**TASK TO COMPLETE:**
Of all the lines in the entries below, give again exactly those starting at the line containing "P2 TYPE('l) \<epsilon>\<^sub>A" and ending at the line containing "(simp add: M_def)", both ends included, and no others.

___ MATERIAL SUPPLIED ___

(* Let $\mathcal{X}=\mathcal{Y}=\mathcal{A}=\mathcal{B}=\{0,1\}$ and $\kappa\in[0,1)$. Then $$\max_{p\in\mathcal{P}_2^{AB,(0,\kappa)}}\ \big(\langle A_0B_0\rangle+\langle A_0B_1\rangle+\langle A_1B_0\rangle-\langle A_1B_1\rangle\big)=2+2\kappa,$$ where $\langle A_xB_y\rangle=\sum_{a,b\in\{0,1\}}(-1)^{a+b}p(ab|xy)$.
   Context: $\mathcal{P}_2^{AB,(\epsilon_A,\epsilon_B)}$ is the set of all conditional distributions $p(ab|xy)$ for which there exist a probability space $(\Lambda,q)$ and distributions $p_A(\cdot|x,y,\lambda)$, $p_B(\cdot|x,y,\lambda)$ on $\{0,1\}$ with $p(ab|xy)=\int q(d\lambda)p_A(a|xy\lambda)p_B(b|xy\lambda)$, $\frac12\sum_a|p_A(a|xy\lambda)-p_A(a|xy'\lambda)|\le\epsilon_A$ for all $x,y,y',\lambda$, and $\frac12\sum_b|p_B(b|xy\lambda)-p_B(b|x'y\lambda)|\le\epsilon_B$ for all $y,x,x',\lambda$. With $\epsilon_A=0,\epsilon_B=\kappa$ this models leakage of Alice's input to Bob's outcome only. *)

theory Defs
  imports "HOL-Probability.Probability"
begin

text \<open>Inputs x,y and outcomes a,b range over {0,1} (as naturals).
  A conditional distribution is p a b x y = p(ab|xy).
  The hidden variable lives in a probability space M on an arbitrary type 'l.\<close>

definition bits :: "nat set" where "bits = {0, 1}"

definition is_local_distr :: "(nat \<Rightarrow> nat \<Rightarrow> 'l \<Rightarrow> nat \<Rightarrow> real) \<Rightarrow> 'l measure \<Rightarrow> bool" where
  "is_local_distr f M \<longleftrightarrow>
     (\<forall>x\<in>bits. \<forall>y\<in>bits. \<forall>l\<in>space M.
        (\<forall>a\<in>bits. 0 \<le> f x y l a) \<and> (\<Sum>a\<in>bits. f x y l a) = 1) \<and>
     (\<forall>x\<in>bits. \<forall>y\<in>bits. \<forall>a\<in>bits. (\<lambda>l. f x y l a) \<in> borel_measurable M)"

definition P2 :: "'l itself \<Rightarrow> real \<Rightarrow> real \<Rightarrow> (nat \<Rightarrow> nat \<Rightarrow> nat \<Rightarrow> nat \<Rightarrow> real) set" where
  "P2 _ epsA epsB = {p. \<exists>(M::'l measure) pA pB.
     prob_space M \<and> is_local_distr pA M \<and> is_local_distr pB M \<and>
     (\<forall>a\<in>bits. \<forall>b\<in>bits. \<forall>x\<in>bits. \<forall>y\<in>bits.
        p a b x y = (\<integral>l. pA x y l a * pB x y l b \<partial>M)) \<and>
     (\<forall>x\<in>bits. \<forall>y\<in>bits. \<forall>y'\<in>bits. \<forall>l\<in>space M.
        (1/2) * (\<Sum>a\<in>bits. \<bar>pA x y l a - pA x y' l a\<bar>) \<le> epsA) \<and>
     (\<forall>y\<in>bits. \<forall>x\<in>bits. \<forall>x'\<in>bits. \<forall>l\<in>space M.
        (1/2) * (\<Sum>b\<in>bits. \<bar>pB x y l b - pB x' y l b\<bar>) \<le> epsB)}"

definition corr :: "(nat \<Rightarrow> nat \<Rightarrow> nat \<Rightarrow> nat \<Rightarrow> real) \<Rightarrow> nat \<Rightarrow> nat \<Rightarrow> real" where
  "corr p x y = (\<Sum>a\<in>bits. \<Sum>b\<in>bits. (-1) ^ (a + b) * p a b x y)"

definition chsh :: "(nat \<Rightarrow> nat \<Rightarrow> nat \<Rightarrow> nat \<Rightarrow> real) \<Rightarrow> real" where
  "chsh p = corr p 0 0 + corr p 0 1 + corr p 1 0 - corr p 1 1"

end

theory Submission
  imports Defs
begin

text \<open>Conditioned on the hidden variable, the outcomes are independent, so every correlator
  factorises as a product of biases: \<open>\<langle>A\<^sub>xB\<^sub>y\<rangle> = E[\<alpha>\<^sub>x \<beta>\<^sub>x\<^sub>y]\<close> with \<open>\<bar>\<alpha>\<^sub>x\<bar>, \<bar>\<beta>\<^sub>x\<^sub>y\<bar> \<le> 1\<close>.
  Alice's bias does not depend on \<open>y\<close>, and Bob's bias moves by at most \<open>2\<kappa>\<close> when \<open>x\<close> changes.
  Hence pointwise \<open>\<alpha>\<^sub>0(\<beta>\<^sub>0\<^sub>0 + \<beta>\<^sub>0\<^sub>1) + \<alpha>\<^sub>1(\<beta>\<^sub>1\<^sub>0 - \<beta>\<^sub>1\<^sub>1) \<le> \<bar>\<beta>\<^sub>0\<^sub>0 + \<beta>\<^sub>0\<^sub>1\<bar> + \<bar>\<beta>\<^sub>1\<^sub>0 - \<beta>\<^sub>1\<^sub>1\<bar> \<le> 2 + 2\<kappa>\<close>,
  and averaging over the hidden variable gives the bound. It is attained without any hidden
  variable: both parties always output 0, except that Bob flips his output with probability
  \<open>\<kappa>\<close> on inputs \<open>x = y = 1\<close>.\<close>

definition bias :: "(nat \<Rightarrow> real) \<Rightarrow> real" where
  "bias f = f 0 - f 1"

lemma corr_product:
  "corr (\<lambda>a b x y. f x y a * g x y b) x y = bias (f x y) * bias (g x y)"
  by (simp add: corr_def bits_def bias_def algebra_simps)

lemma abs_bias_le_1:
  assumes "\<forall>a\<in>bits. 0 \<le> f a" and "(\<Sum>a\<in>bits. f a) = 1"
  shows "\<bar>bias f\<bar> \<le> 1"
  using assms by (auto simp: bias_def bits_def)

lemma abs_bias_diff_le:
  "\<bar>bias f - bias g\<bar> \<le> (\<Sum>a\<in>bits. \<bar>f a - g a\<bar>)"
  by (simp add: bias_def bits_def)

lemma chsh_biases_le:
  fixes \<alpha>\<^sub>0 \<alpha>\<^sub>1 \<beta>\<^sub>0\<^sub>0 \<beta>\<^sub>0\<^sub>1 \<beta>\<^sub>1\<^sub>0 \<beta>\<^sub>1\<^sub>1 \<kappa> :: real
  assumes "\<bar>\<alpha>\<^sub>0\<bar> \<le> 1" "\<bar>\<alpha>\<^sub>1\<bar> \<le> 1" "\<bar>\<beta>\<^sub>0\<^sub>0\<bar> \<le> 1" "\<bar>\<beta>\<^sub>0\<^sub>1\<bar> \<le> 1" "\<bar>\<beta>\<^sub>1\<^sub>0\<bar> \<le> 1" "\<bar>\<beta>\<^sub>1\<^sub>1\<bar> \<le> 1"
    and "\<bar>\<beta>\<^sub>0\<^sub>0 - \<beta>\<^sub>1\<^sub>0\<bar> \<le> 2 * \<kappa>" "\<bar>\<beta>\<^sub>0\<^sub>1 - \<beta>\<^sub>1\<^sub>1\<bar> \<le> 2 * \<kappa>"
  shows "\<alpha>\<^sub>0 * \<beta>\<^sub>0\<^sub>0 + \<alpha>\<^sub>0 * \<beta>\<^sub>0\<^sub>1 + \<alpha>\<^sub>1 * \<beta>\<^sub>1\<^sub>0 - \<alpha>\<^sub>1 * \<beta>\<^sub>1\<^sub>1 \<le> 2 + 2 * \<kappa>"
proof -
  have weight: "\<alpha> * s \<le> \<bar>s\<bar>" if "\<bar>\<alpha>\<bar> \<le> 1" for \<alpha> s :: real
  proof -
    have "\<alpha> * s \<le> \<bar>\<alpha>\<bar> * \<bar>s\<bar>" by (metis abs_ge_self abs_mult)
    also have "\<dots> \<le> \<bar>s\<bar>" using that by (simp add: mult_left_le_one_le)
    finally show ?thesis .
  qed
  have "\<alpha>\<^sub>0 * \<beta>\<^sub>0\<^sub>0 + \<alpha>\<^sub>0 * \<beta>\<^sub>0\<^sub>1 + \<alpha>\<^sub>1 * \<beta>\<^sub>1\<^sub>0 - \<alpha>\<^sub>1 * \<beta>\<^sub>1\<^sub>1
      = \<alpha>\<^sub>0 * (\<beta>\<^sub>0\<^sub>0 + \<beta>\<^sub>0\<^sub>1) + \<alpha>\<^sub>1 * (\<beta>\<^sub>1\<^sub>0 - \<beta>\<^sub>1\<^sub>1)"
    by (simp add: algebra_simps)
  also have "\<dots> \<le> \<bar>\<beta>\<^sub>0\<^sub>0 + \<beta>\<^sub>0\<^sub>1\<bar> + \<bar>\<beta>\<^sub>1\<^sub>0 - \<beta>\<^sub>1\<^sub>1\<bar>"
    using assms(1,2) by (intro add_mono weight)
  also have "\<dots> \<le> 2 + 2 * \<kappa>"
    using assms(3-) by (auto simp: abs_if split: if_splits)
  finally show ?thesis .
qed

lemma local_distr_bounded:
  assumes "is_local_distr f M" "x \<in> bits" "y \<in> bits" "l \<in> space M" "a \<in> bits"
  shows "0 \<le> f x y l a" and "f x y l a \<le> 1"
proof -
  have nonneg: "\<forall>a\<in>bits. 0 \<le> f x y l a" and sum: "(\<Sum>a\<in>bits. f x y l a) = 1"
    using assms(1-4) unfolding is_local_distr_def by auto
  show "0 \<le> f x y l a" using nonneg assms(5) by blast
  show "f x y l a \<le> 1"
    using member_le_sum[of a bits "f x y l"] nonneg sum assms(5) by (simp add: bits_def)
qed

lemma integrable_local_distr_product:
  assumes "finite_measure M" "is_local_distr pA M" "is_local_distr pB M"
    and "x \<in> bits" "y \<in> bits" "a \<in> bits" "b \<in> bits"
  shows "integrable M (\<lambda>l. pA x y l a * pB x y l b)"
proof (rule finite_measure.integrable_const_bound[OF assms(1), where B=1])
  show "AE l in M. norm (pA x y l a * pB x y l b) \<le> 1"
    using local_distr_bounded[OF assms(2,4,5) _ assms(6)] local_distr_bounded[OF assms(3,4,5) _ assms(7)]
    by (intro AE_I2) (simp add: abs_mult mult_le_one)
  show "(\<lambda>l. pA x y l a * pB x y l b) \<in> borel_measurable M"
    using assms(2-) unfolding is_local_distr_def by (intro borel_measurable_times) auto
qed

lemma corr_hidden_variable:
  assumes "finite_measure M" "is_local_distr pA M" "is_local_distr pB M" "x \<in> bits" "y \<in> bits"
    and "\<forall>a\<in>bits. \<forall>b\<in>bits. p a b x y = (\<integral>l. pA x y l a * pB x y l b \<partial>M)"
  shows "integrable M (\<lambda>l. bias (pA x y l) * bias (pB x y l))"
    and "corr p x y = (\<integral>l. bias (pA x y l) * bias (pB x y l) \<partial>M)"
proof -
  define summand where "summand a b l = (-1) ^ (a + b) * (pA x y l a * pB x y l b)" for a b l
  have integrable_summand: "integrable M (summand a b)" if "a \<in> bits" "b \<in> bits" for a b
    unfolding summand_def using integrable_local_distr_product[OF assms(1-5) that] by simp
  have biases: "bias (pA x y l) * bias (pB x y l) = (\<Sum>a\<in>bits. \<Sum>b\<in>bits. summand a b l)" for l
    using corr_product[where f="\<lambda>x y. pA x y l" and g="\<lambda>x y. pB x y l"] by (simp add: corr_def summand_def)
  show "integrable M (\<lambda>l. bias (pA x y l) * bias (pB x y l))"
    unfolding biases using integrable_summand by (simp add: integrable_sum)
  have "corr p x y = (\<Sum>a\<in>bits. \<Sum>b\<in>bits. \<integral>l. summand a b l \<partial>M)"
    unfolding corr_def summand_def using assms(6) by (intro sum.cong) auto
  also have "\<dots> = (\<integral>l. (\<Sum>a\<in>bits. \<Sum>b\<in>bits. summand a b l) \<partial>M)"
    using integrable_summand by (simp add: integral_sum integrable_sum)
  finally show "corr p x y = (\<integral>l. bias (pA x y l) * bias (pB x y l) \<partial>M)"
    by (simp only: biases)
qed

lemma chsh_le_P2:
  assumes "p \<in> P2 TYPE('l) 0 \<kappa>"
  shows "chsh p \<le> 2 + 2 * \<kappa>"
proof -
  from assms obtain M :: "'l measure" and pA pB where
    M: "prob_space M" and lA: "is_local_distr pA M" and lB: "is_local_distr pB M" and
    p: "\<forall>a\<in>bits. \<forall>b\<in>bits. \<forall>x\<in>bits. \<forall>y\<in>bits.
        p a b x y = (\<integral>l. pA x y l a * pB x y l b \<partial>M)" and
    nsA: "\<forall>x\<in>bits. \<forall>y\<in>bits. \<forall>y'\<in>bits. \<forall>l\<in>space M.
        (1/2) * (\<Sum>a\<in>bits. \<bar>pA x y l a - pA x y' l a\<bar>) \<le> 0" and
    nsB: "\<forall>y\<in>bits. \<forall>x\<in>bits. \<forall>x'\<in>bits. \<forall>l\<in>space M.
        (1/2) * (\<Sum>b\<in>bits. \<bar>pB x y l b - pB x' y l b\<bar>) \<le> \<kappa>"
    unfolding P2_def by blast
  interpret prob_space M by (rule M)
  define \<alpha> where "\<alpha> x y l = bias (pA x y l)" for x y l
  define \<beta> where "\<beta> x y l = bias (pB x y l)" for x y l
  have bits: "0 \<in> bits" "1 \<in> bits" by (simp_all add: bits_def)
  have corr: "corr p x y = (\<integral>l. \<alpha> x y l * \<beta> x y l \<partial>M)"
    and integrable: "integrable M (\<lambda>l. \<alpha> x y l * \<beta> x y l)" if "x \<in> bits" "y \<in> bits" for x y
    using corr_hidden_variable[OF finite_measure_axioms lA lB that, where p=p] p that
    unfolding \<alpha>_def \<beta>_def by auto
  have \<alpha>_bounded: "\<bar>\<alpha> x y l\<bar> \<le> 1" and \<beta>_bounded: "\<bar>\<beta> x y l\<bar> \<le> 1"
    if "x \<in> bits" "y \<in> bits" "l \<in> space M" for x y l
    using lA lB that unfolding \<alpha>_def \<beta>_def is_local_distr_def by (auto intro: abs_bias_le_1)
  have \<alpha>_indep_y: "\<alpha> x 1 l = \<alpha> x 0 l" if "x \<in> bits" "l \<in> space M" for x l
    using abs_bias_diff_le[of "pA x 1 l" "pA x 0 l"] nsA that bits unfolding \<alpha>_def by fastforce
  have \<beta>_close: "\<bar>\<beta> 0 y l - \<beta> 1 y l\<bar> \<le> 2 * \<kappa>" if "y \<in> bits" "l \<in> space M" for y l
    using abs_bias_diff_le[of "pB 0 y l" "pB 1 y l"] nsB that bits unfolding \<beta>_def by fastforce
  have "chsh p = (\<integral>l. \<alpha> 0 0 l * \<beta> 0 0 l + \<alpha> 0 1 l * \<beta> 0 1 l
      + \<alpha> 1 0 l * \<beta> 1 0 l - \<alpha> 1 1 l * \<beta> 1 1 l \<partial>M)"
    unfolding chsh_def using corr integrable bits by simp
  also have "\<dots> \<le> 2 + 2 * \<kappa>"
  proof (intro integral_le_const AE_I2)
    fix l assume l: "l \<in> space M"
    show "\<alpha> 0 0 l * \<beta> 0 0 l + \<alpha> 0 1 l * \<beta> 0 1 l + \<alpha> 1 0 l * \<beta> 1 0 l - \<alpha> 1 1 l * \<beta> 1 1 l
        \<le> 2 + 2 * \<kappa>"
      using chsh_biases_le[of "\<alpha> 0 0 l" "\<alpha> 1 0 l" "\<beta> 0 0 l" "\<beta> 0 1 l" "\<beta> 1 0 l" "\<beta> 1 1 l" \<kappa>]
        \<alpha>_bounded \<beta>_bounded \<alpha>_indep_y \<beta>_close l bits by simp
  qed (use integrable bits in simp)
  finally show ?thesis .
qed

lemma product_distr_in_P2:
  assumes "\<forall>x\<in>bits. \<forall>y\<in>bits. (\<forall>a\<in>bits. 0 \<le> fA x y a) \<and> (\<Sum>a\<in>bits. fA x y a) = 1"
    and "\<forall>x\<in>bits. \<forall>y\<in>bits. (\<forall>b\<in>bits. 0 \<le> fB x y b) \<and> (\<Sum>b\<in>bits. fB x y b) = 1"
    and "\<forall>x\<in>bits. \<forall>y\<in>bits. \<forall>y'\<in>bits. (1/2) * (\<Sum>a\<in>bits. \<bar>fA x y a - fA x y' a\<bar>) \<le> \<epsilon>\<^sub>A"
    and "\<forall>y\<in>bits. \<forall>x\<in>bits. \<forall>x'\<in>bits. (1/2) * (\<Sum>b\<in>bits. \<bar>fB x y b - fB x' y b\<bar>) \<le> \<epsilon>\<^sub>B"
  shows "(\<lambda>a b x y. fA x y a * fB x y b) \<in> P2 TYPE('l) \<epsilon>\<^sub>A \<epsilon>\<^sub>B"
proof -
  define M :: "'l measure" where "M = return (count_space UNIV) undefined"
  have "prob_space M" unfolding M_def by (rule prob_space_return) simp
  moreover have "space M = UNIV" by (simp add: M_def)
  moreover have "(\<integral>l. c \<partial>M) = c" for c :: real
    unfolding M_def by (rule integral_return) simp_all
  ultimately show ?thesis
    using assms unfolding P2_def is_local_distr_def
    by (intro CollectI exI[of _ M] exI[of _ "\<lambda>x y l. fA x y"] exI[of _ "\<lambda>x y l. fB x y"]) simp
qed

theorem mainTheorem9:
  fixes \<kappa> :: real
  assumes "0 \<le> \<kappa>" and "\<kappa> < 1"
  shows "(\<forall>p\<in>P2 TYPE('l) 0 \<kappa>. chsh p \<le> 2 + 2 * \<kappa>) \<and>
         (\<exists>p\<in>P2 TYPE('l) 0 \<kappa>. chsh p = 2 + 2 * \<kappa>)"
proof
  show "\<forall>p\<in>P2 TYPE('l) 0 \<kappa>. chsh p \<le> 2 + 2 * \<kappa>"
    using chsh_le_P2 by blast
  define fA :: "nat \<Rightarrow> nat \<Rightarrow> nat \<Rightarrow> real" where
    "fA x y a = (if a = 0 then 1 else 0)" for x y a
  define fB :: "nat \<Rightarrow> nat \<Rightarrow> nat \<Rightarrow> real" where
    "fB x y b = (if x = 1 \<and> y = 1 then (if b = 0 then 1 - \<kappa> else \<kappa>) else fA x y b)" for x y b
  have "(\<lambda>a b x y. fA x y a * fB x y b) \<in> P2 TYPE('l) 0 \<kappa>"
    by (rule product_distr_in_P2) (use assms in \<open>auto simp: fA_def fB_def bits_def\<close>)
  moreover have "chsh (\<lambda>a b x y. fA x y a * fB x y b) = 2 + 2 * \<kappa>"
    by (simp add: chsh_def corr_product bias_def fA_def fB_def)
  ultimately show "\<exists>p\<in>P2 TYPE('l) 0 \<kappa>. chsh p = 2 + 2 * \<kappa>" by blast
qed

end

___

**OUTPUT FOR THIS EXERCISE:**
  shows "(\<lambda>a b x y. fA x y a * fB x y b) \<in> P2 TYPE('l) \<epsilon>\<^sub>A \<epsilon>\<^sub>B"
proof -
  define M :: "'l measure" where "M = return (count_space UNIV) undefined"
  have "prob_space M" unfolding M_def by (rule prob_space_return) simp
  moreover have "space M = UNIV" by (simp add: M_def)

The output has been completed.